Dünyada Neoklasik yaklaşımda bu paradigma , bu alanda 1990 sonrasında yapılan ampirik araştırmalar ile sona ermiştir. Özellikle Neoklasik paradigma Card ve Krueger’in 1990’lı yıllardaki çalışmalarından sonra sorgulanmaya başlanmıştır.
2021 de iki alanda verilen Nobel ekonomi ödüllerinden birisini David Card kazandı. Konu 1994 yılında Alain B. Krueger ile birlikte yaptıkları bir araştırmaya dayanıyor.
1992 yılında New Jersey _ Pennsylvania eyaletlerinde 400 fast-food sektöründe gözlem yaptılar. Her eyalet kendi asgari ücretini belirledi. New jersey saatlik asgari ücreti 5,05’ dolara çıkardı. Pennsylvania ise 4,25’ dolarda sabit tuttu. Araştırmadan çıkan sonuç ; Asgari ücretin artırıldığı New Jersey’de istihdam da arttı.

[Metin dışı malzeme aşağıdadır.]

lemma nested_sum_horadam_binet:
  assumes roots: "\<alpha> * \<beta> = q" "\<alpha> + \<beta> = p" "\<alpha> \<noteq> \<beta>" "q \<noteq> 0"
    and nonzero: "V p q d \<noteq> 0" "V p q (r + d) \<noteq> 0" "U p q r \<noteq> 0"
  defines "x \<equiv> V p q d / V p q (r + d)" and "K \<equiv> V p q d / (q powi d * (\<alpha> - \<beta>) * U p q r)"
  shows "(\<alpha> - \<beta>) * nested_sum c n (\<lambda>k. x powi k * W a b p q (r * k + s)) m
       = K ^ n * x powi m * binet_signed a b \<alpha> \<beta> n ((r + d) * int n + r * m + s)
         - x powi (c - 1)
           * (\<Sum>i<n. K ^ (n - i) * (of_int (m - c + int i) gchoose i)
                * binet_signed a b \<alpha> \<beta> (n - i) ((r + d) * int (n - i) + r * (c - 1) + s))"
proof -
  have "\<alpha> \<noteq> 0" "\<beta> \<noteq> 0"
    using roots by auto
  note ratio_\<alpha> = horadam_geometric_ratio[OF roots nonzero, folded x_def K_def]
  note ratio_\<beta> = horadam_geometric_ratio_conj[OF roots nonzero, folded x_def K_def]
  define A B where "A = b - a * \<beta>" and "B = a * \<alpha> - b"
  note summand = powi_mult_W_binet[OF roots, of x _ a b, folded A_def B_def]
  have "nested_sum c n (\<lambda>k. x powi k * W a b p q (r * k + s)) m
      = (A * (\<alpha> powi s * nested_sum c n (\<lambda>k. (x * \<alpha> powi r) powi k) m)
        + B * (\<beta> powi s * nested_sum c n (\<lambda>k. (x * \<beta> powi r) powi k) m)) / (\<alpha> - \<beta>)"
    unfolding summand nested_sum_linear by (simp add: add_divide_distrib mult.assoc)
  then have "(\<alpha> - \<beta>) * nested_sum c n (\<lambda>k. x powi k * W a b p q (r * k + s)) m
      = A * (\<alpha> powi s * nested_sum c n (\<lambda>k. (x * \<alpha> powi r) powi k) m)
        + B * (\<beta> powi s * nested_sum c n (\<lambda>k. (x * \<beta> powi r) powi k) m)"
    using roots(3) by simp
  also have "\<dots> = A * (K ^ n * x powi m * \<alpha> powi ((r + d) * int n + r * m + s)
          - x powi (c - 1)
            * (\<Sum>i<n. K ^ (n - i) * (of_int (m - c + int i) gchoose i)
                 * \<alpha> powi ((r + d) * int (n - i) + r * (c - 1) + s)))
        + B * ((- K) ^ n * x powi m * \<beta> powi ((r + d) * int n + r * m + s)
          - x powi (c - 1)
            * (\<Sum>i<n. (- K) ^ (n - i) * (of_int (m - c + int i) gchoose i)
                 * \<beta> powi ((r + d) * int (n - i) + r * (c - 1) + s)))"
    unfolding nested_sum_powi_scaled[OF \<open>\<alpha> \<noteq> 0\<close> ratio_\<alpha>]
      nested_sum_powi_scaled[OF \<open>\<beta> \<noteq> 0\<close> ratio_\<beta>] ..
  also have "\<dots> = K ^ n * x powi m * binet_signed a b \<alpha> \<beta> n ((r + d) * int n + r * m + s)
         - x powi (c - 1)
           * (\<Sum>i<n. K ^ (n - i) * (of_int (m - c + int i) gchoose i)
                * binet_signed a b \<alpha> \<beta> (n - i) ((r + d) * int (n - i) + r * (c - 1) + s))"
    unfolding binet_signed_def A_def[symmetric] B_def[symmetric]
    by (simp add: power_minus[of K] sum.distrib sum_distrib_left algebra_simps)
  finally show ?thesis .
qed
lemma q_den_purely_periodic_asymp:
  assumes "a \<noteq> []" "\<forall>m\<in>set a. 1 \<le> m" "x \<in> purely_periodic a"
  defines "E \<equiv> perron_root (cf_mat_prod a)"
  shows "\<exists>C>1. \<forall>n. E ^ n / C \<le> real (q_den x (length a * n))
    \<and> real (q_den x (length a * n)) \<le> C * E ^ n"
proof (intro exI conjI allI)
  have "0 < E" unfolding E_def using cf_mat_prod_eigenvector[OF assms(1,2)] by blast
  then show "1 < E + 1" by simp
  fix n
  have "0 \<le> E * E ^ n" using \<open>0 < E\<close> by simp
  then show "real (q_den x (length a * n)) \<le> (E + 1) * E ^ n"
    using q_den_purely_periodic_bounds(1)[OF assms(1-3), of n, folded E_def]
    by (simp add: distrib_right)
  show "E ^ n / (E + 1) \<le> real (q_den x (length a * n))"
  proof (cases n)
    case 0
    then show ?thesis using \<open>0 < E\<close> by simp
  next
    case (Suc n')
    have "E ^ n / (E + 1) \<le> E ^ n'"
      using \<open>0 < E\<close> Suc by (simp add: divide_le_eq)
    also have "\<dots> \<le> real (q_den x (length a * n))"
      using q_den_purely_periodic_bounds(2)[OF assms(1-3), of n', folded E_def] Suc by simp
    finally show ?thesis .
  qed
qed

theorem lemma4p1:
  fixes a :: "nat list"
  assumes "a \<noteq> []" and "\<forall>m\<in>set a. 1 \<le> m"
  shows "primitive idx3 (hatA_word a) \<and> primitive (adm_words a) (incA a)
    \<and> PF_eigenvalue idx3 (hatA_word a) = PF_eigenvalue (adm_words a) (incA a)
    \<and> (\<forall>x\<in>purely_periodic a. \<exists>C>1. \<forall>n.
          PF_eigenvalue (adm_words a) (incA a) ^ n / C \<le> real (q_den x (length a * n))
        \<and> real (q_den x (length a * n)) \<le> C * PF_eigenvalue (adm_words a) (incA a) ^ n)"
  using primitive_hatA_word[OF assms] primitive_incA[OF assms]
    PF_eigenvalue_hatA_word[OF assms] PF_eigenvalue_incA[OF assms]
    q_den_purely_periodic_asymp[OF assms]
  by simp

Bu araştırma ücret artışı ve istihdam arasındaki geleneksel anlayışı yıkan bir araştırma oldu.
Türkiye de işgücü verimliliği düşük olduğundan , asgari ücretin artırılması ve çalışma şartlarında iyileştirme, iş gücü verimliliğini artırır . İşletmeler için ücret artışından daha fazla üretim artışı ortaya çıkar. Büyümeyi pozitif etkiler.
Ücret artışları enflasyonda yaratmaz , çünkü talep artışı anında arz da artış olacak ve ayrıca verimlilik artacağı için birim başına üretim maliyeti düşecektir.
Öte yandan ücret artışları yoksulluk sınırının altına düşen nüfusun azalmasına neden olur. Sosyal barış sağlanır. Grev nedeniyle ortaya çıkacak muhtemel maliyetler azalır.